Read the data, and whenever a line holds the word "level", report that line.

Records supplied>
+--

(* Let $H$ and $G$ be locally compact, Hausdorff, étale groupoids, let $c : H \to \mathbb{Z}$ be a continuous cocycle, and let $\alpha : G \to G$ be an automorphism. Then the groupoid $H \times_{c,\alpha} G$, endowed with the product topology, is locally compact, Hausdorff and étale. If $G$ and $H$ are second countable, so is $H\times_{c,\alpha}G$. If $G$ and $H$ are ample, so is $H \times_{c,\alpha} G$.
   Context: A cocycle satisfies $c(gh) = c(g)+c(h)$ whenever $s(g) = r(h)$. An automorphism of a topological groupoid is a homeomorphism preserving the groupoid structure. $H \times_{c,\alpha} G$ is the set $H \times G$ with unit space $H^{(0)}\times G^{(0)}$, $r(h,g) = (r(h),r(g))$, $s(h,g) = (s(h), \alpha^{c(h)}(s(g)))$, product $(h_1,g_1)(h_2,g_2) = (h_1h_2, g_1\alpha^{-c(h_1)}(g_2))$ when $s(h_1,g_1) = r(h_2,g_2)$, and inverse $(h,g)^{-1} = (h^{-1},\alpha^{c(h)}(g^{-1}))$. A groupoid is étale if its range map is a local homeomorphism, and ample if it has a basis of compact open bisections. *)

theory Defs
  imports "HOL-Analysis.Analysis"
begin

text \<open>A topological groupoid on a carrier set of arrows, with unit space a subset
of the arrows.  Only the values on the relevant sets matter.\<close>

record 'a tgroupoid =
  arr   :: "'a set"
  units :: "'a set"
  rng   :: "'a \<Rightarrow> 'a"
  src   :: "'a \<Rightarrow> 'a"
  mult  :: "'a \<Rightarrow> 'a \<Rightarrow> 'a"
  ginv  :: "'a \<Rightarrow> 'a"
  gtop  :: "'a topology"

definition composable :: "'a tgroupoid \<Rightarrow> ('a \<times> 'a) set" where
  "composable G = {(g, h). g \<in> arr G \<and> h \<in> arr G \<and> src G g = rng G h}"

definition groupoid :: "'a tgroupoid \<Rightarrow> bool" where
  "groupoid G \<longleftrightarrow>
     units G \<subseteq> arr G \<and>
     (\<forall>g\<in>arr G. rng G g \<in> units G \<and> src G g \<in> units G) \<and>
     (\<forall>x\<in>units G. rng G x = x \<and> src G x = x) \<and>
     (\<forall>(g, h)\<in>composable G. mult G g h \<in> arr G \<and>
         rng G (mult G g h) = rng G g \<and> src G (mult G g h) = src G h) \<and>
     (\<forall>g\<in>arr G. \<forall>h\<in>arr G. \<forall>k\<in>arr G. src G g = rng G h \<longrightarrow> src G h = rng G k \<longrightarrow>
         mult G (mult G g h) k = mult G g (mult G h k)) \<and>
     (\<forall>g\<in>arr G. mult G (rng G g) g = g \<and> mult G g (src G g) = g) \<and>
     (\<forall>g\<in>arr G. ginv G g \<in> arr G \<and> rng G (ginv G g) = src G g \<and>
         src G (ginv G g) = rng G g \<and>
         mult G g (ginv G g) = rng G g \<and> mult G (ginv G g) g = src G g)"

definition topological_groupoid :: "'a tgroupoid \<Rightarrow> bool" where
  "topological_groupoid G \<longleftrightarrow> groupoid G \<and> topspace (gtop G) = arr G \<and>
     continuous_map (subtopology (prod_topology (gtop G) (gtop G)) (composable G)) (gtop G)
        (\<lambda>(g, h). mult G g h) \<and>
     continuous_map (gtop G) (gtop G) (ginv G)"

definition etale :: "'a tgroupoid \<Rightarrow> bool" where
  "etale G \<longleftrightarrow> (\<forall>g\<in>arr G. \<exists>U. openin (gtop G) U \<and> g \<in> U \<and>
      openin (subtopology (gtop G) (units G)) (rng G ` U) \<and>
      homeomorphic_map (subtopology (gtop G) U) (subtopology (gtop G) (rng G ` U)) (rng G))"

definition open_bisection :: "'a tgroupoid \<Rightarrow> 'a set \<Rightarrow> bool" where
  "open_bisection G U \<longleftrightarrow> openin (gtop G) U \<and>
     openin (subtopology (gtop G) (units G)) (rng G ` U) \<and>
     homeomorphic_map (subtopology (gtop G) U) (subtopology (gtop G) (rng G ` U)) (rng G) \<and>
     openin (subtopology (gtop G) (units G)) (src G ` U) \<and>
     homeomorphic_map (subtopology (gtop G) U) (subtopology (gtop G) (src G ` U)) (src G)"

definition ample :: "'a tgroupoid \<Rightarrow> bool" where
  "ample G \<longleftrightarrow> (\<forall>V. openin (gtop G) V \<longrightarrow> (\<forall>g\<in>V. \<exists>B. open_bisection G B \<and>
      compactin (gtop G) B \<and> g \<in> B \<and> B \<subseteq> V))"

definition cocycle :: "'a tgroupoid \<Rightarrow> ('a \<Rightarrow> int) \<Rightarrow> bool" where
  "cocycle G c \<longleftrightarrow> (\<forall>(g, h)\<in>composable G. c (mult G g h) = c g + c h)"

definition groupoid_automorphism :: "'a tgroupoid \<Rightarrow> ('a \<Rightarrow> 'a) \<Rightarrow> bool" where
  "groupoid_automorphism G \<alpha> \<longleftrightarrow>
     bij_betw \<alpha> (arr G) (arr G) \<and> homeomorphic_map (gtop G) (gtop G) \<alpha> \<and>
     \<alpha> ` units G = units G \<and>
     (\<forall>g\<in>arr G. rng G (\<alpha> g) = \<alpha> (rng G g) \<and> src G (\<alpha> g) = \<alpha> (src G g) \<and>
        ginv G (\<alpha> g) = \<alpha> (ginv G g)) \<and>
     (\<forall>(g, h)\<in>composable G. \<alpha> (mult G g h) = mult G (\<alpha> g) (\<alpha> h))"

definition apow :: "'a tgroupoid \<Rightarrow> ('a \<Rightarrow> 'a) \<Rightarrow> int \<Rightarrow> 'a \<Rightarrow> 'a" where
  "apow G \<alpha> n = (if 0 \<le> n then \<alpha> ^^ nat n else (inv_into (arr G) \<alpha>) ^^ nat (- n))"

definition twisted_product ::
  "'h tgroupoid \<Rightarrow> ('h \<Rightarrow> int) \<Rightarrow> ('g \<Rightarrow> 'g) \<Rightarrow> 'g tgroupoid \<Rightarrow> ('h \<times> 'g) tgroupoid" where
  "twisted_product H c \<alpha> G = \<lparr>
     arr = arr H \<times> arr G,
     units = units H \<times> units G,
     rng = (\<lambda>(h, g). (rng H h, rng G g)),
     src = (\<lambda>(h, g). (src H h, apow G \<alpha> (c h) (src G g))),
     mult = (\<lambda>(h1, g1) (h2, g2). (mult H h1 h2, mult G g1 (apow G \<alpha> (- c h1) g2))),
     ginv = (\<lambda>(h, g). (ginv H h, apow G \<alpha> (c h) (ginv G g))),
     gtop = prod_topology (gtop H) (gtop G) \<rparr>"

end

theory Submission
  imports Defs
begin

text \<open>
  The twisted product lives on the product space \<open>H \<times> G\<close>, so local compactness, the Hausdorff
  property and second countability come from the factors.  The twist only enters through the
  homeomorphisms \<open>\<alpha>\<^bsup>c h\<^esup>\<close>, and since \<open>c\<close> is locally constant, on each clopen level set
  \<open>{c = n}\<close> they are the single groupoid automorphism \<open>\<alpha>\<^sup>n\<close>.  Hence multiplication and inversion are
  continuous piece by piece, and over such a level set the range and source maps are products
  of the range map of \<open>H\<close> with that of \<open>G\<close>, resp. of the source map of \<open>H\<close> with
  \<open>\<alpha>\<^sup>n \<circ> src\<close>.  So products of (compact) open bisections lying in a level set of \<open>c\<close> are (compact)
  open bisections of the twisted product, which gives the etale and ample properties.
\<close>

lemma continuous_map_discrete_indexed:
  assumes k: "continuous_map X (discrete_topology UNIV) k"
    and f: "\<And>n. continuous_map X Y (f n)"
  shows "continuous_map X Y (\<lambda>x. f (k x) x)"
  unfolding continuous_map
proof (intro conjI allI impI)
  show "(\<lambda>x. f (k x) x) ` topspace X \<subseteq> topspace Y"
    using f by (auto simp: continuous_map_def)
  fix U assume U: "openin Y U"
  have "{x \<in> topspace X. f (k x) x \<in> U} =
        (\<Union>n. {x \<in> topspace X. k x \<in> {n}} \<inter> {x \<in> topspace X. f n x \<in> U})"
    by auto
  moreover have "openin X ({x \<in> topspace X. k x \<in> {n}} \<inter> {x \<in> topspace X. f n x \<in> U})" for n
    by (rule openin_Int[OF openin_continuous_map_preimage[OF k]
      openin_continuous_map_preimage[OF f U]])
      simp
  ultimately show "openin X {x \<in> topspace X. f (k x) x \<in> U}"
    by (metis (no_types, lifting) openin_Union imageE)
qed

+--

Task response>
  homeomorphisms \<open>\<alpha>\<^bsup>c h\<^esup>\<close>, and since \<open>c\<close> is locally constant, on each clopen level set
  continuous piece by piece, and over such a level set the range and source maps are products
  \<open>\<alpha>\<^sup>n \<circ> src\<close>.  So products of (compact) open bisections lying in a level set of \<open>c\<close> are (compact)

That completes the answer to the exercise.